lemma base_exchange_into:
  assumes m: "matroid E I" and B: "is_base E I B" and S: "S \<subseteq> E"
    and short: "card (B \<inter> S) < rank I S"
  shows "\<exists>f\<in>S - B. \<exists>e\<in>B - S. is_base E I (insert f (B - {e}))"
proof -
  have B_props: "B \<subseteq> E" "B \<in> I" "card B = rank I E" using B unfolding is_base_def by auto
  have "finite B" using matroid_indep_finite[OF m B_props(2)] .
  have "B \<inter> S \<in> I" using matroid_indep_downward[OF m B_props(2)] by blast
  obtain X where X: "X \<subseteq> S" "X \<in> I" "card X = rank I S" using rank_witness[OF m S] by blast
  then obtain f where f: "f \<in> X - B \<inter> S" "insert f (B \<inter> S) \<in> I"
    using matroid_augment[OF m \<open>B \<inter> S \<in> I\<close> X(2)] short by auto
  have "f \<in> S" "f \<notin> B" using f X by auto
  have "rank I S \<le> rank I E" using card_le_rank[OF m order_refl _ X(2)] X S by auto
  then have "\<not> B \<subseteq> S" using short B_props by (metis inf.absorb1 not_less)
  then have "B \<inter> S \<subset> B" by auto
  then have "card (B \<inter> S) < card B" using \<open>finite B\<close> by (rule psubset_card_mono[rotated])
  then have "card (insert f (B \<inter> S)) \<le> card B" using \<open>finite B\<close> \<open>f \<notin> B\<close> by simp
  then obtain Z where Z: "Z \<in> I" "insert f (B \<inter> S) \<subseteq> Z" "Z \<subseteq> insert f (B \<inter> S) \<union> B"
      "card Z = card B"
    using matroid_extend_indep[OF m f(2) B_props(2)] by blast
  have "finite Z" using matroid_indep_finite[OF m Z(1)] .
  have "\<not> B \<subseteq> Z"
  proof
    assume "B \<subseteq> Z"
    then have "card (insert f B) \<le> card Z" using Z(2) \<open>finite Z\<close> by (simp add: card_mono)
    then show False using \<open>f \<notin> B\<close> \<open>finite B\<close> Z(4) by simp
  qed
  then obtain e where e: "e \<in> B" "e \<notin> Z" by auto
  have "e \<notin> S" using e Z(2) by auto
  have "Z \<subseteq> insert f (B - {e})" using Z(3) e by auto
  moreover have "card (insert f (B - {e})) = card Z"
    using \<open>finite B\<close> \<open>f \<notin> B\<close> e(1) Z(4) card_Suc_Diff1 by fastforce
  ultimately have "Z = insert f (B - {e})" using \<open>finite B\<close> by (intro card_subset_eq) auto
  then have "is_base E I (insert f (B - {e}))"
    using Z B_props matroid_indep_subset[OF m Z(1)] unfolding is_base_def by simp
  then show ?thesis using \<open>f \<in> S\<close> \<open>f \<notin> B\<close> e \<open>e \<notin> S\<close> by blast
qed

· · ·

Please work out how many lines in the listing above contain the string "obtain", and answer with that number only.

_Task answer_: 4